EXERCISE DETAILS: Return every entry in the listing word for word.

INFORMATION GIVEN:
::::::

lemma conf_set_coverage_ge:
  fixes MX :: "'x measure" and MY :: "'y measure" and \<pi> :: "('x \<times> 'y) measure"
    and s :: "'x \<times> 'y \<Rightarrow> real" and N :: nat and \<alpha> \<rho> D :: real
  assumes \<pi>: "prob_space \<pi>" and pi_sets: "sets \<pi> = sets (MX \<Otimes>\<^sub>M MY)" and s: "s \<in> borel_measurable \<pi>"
    and \<alpha>: "0 \<le> \<alpha>" and \<rho>: "0 < \<rho>"
    and dep: "\<And>\<omega> B. \<omega> \<in> sets MX \<Longrightarrow> B \<in> sets borel \<Longrightarrow>
      measure \<pi> {z \<in> space \<pi>. fst z \<in> \<omega>} * measure \<pi> {z \<in> space \<pi>. s z \<in> B}
        \<le> measure \<pi> {z \<in> space \<pi>. fst z \<in> \<omega> \<and> s z \<in> B} + D"
  shows "\<forall>\<omega> \<in> sets MX.
     measure \<pi> {z \<in> space \<pi>. fst z \<in> \<omega>} > \<rho> \<longrightarrow>
     measure (PiM {0..N} (\<lambda>_. \<pi>))
         {Z \<in> space (PiM {0..N} (\<lambda>_. \<pi>)).
            snd (Z N) \<in> conf_set s MY \<alpha> N Z (fst (Z N)) \<and> fst (Z N) \<in> \<omega>}
       / measure (PiM {0..N} (\<lambda>_. \<pi>)) {Z \<in> space (PiM {0..N} (\<lambda>_. \<pi>)). fst (Z N) \<in> \<omega>}
     \<ge> 1 - (\<alpha> + D / \<rho>)"
proof (intro ballI impI)
  fix \<omega> assume \<omega>: "\<omega> \<in> sets MX" and \<rho>_lt: "\<rho> < measure \<pi> {z \<in> space \<pi>. fst z \<in> \<omega>}"
  define A where "A = {z \<in> space \<pi>. fst z \<in> \<omega>}"
  have "fst \<in> measurable \<pi> MX" by (simp add: measurable_cong_sets[OF pi_sets refl])
  then have A_sets: "A \<in> sets \<pi>" unfolding A_def using \<omega> by measurable
  have "{x \<in> A. s x \<in> B} = {z \<in> space \<pi>. fst z \<in> \<omega> \<and> s z \<in> B}" for B by (auto simp: A_def)
  then have dep_A: "measure \<pi> A * measure \<pi> {x \<in> space \<pi>. s x \<in> B} \<le> measure \<pi> {x \<in> A. s x \<in> B} + D"
    if "B \<in> sets borel" for B
    using dep[OF \<omega> that] by (simp only: A_def)
  have ZN: "Z N \<in> space \<pi>" if "Z \<in> space (PiM {0..N} (\<lambda>_. \<pi>))" for Z
    using that by (auto simp: space_PiM PiE_iff)
  have ZN_snd: "snd (Z N) \<in> space MY" if "Z \<in> space (PiM {0..N} (\<lambda>_. \<pi>))" for Z
    using ZN[OF that] sets_eq_imp_space_eq[OF pi_sets] by (auto simp: space_pair_measure mem_Times_iff)
  have "{Z \<in> space (PiM {0..N} (\<lambda>_. \<pi>)). snd (Z N) \<in> conf_set s MY \<alpha> N Z (fst (Z N)) \<and> fst (Z N) \<in> \<omega>}
      = {Z \<in> space (PiM {0..N} (\<lambda>_. \<pi>)). ereal (s (Z N)) \<le> conf_quantile \<alpha> N (\<lambda>i. s (Z i)) \<and> Z N \<in> A}"
    "{Z \<in> space (PiM {0..N} (\<lambda>_. \<pi>)). fst (Z N) \<in> \<omega>} = {Z \<in> space (PiM {0..N} (\<lambda>_. \<pi>)). Z N \<in> A}"
    unfolding conf_set_def A_def using ZN ZN_snd by auto
  then show "measure (PiM {0..N} (\<lambda>_. \<pi>))
         {Z \<in> space (PiM {0..N} (\<lambda>_. \<pi>)).
            snd (Z N) \<in> conf_set s MY \<alpha> N Z (fst (Z N)) \<and> fst (Z N) \<in> \<omega>}
       / measure (PiM {0..N} (\<lambda>_. \<pi>)) {Z \<in> space (PiM {0..N} (\<lambda>_. \<pi>)). fst (Z N) \<in> \<omega>}
     \<ge> 1 - (\<alpha> + D / \<rho>)"
    using conf_quantile_coverage_ge[OF \<pi> s A_sets \<alpha> dep_A \<rho>] \<rho>_lt by (simp add: A_def)
qed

::::::

OUTPUT BELOW:
lemma conf_set_coverage_ge:
  fixes MX :: "'x measure" and MY :: "'y measure" and \<pi> :: "('x \<times> 'y) measure"
    and s :: "'x \<times> 'y \<Rightarrow> real" and N :: nat and \<alpha> \<rho> D :: real
  assumes \<pi>: "prob_space \<pi>" and pi_sets: "sets \<pi> = sets (MX \<Otimes>\<^sub>M MY)" and s: "s \<in> borel_measurable \<pi>"
    and \<alpha>: "0 \<le> \<alpha>" and \<rho>: "0 < \<rho>"
    and dep: "\<And>\<omega> B. \<omega> \<in> sets MX \<Longrightarrow> B \<in> sets borel \<Longrightarrow>
      measure \<pi> {z \<in> space \<pi>. fst z \<in> \<omega>} * measure \<pi> {z \<in> space \<pi>. s z \<in> B}
        \<le> measure \<pi> {z \<in> space \<pi>. fst z \<in> \<omega> \<and> s z \<in> B} + D"
  shows "\<forall>\<omega> \<in> sets MX.
     measure \<pi> {z \<in> space \<pi>. fst z \<in> \<omega>} > \<rho> \<longrightarrow>
     measure (PiM {0..N} (\<lambda>_. \<pi>))
         {Z \<in> space (PiM {0..N} (\<lambda>_. \<pi>)).
            snd (Z N) \<in> conf_set s MY \<alpha> N Z (fst (Z N)) \<and> fst (Z N) \<in> \<omega>}
       / measure (PiM {0..N} (\<lambda>_. \<pi>)) {Z \<in> space (PiM {0..N} (\<lambda>_. \<pi>)). fst (Z N) \<in> \<omega>}
     \<ge> 1 - (\<alpha> + D / \<rho>)"
proof (intro ballI impI)
  fix \<omega> assume \<omega>: "\<omega> \<in> sets MX" and \<rho>_lt: "\<rho> < measure \<pi> {z \<in> space \<pi>. fst z \<in> \<omega>}"
  define A where "A = {z \<in> space \<pi>. fst z \<in> \<omega>}"
  have "fst \<in> measurable \<pi> MX" by (simp add: measurable_cong_sets[OF pi_sets refl])
  then have A_sets: "A \<in> sets \<pi>" unfolding A_def using \<omega> by measurable
  have "{x \<in> A. s x \<in> B} = {z \<in> space \<pi>. fst z \<in> \<omega> \<and> s z \<in> B}" for B by (auto simp: A_def)
  then have dep_A: "measure \<pi> A * measure \<pi> {x \<in> space \<pi>. s x \<in> B} \<le> measure \<pi> {x \<in> A. s x \<in> B} + D"
    if "B \<in> sets borel" for B
    using dep[OF \<omega> that] by (simp only: A_def)
  have ZN: "Z N \<in> space \<pi>" if "Z \<in> space (PiM {0..N} (\<lambda>_. \<pi>))" for Z
    using that by (auto simp: space_PiM PiE_iff)
  have ZN_snd: "snd (Z N) \<in> space MY" if "Z \<in> space (PiM {0..N} (\<lambda>_. \<pi>))" for Z
    using ZN[OF that] sets_eq_imp_space_eq[OF pi_sets] by (auto simp: space_pair_measure mem_Times_iff)
  have "{Z \<in> space (PiM {0..N} (\<lambda>_. \<pi>)). snd (Z N) \<in> conf_set s MY \<alpha> N Z (fst (Z N)) \<and> fst (Z N) \<in> \<omega>}
      = {Z \<in> space (PiM {0..N} (\<lambda>_. \<pi>)). ereal (s (Z N)) \<le> conf_quantile \<alpha> N (\<lambda>i. s (Z i)) \<and> Z N \<in> A}"
    "{Z \<in> space (PiM {0..N} (\<lambda>_. \<pi>)). fst (Z N) \<in> \<omega>} = {Z \<in> space (PiM {0..N} (\<lambda>_. \<pi>)). Z N \<in> A}"
    unfolding conf_set_def A_def using ZN ZN_snd by auto
  then show "measure (PiM {0..N} (\<lambda>_. \<pi>))
         {Z \<in> space (PiM {0..N} (\<lambda>_. \<pi>)).
            snd (Z N) \<in> conf_set s MY \<alpha> N Z (fst (Z N)) \<and> fst (Z N) \<in> \<omega>}
       / measure (PiM {0..N} (\<lambda>_. \<pi>)) {Z \<in> space (PiM {0..N} (\<lambda>_. \<pi>)). fst (Z N) \<in> \<omega>}
     \<ge> 1 - (\<alpha> + D / \<rho>)"
    using conf_quantile_coverage_ge[OF \<pi> s A_sets \<alpha> dep_A \<rho>] \<rho>_lt by (simp add: A_def)
qed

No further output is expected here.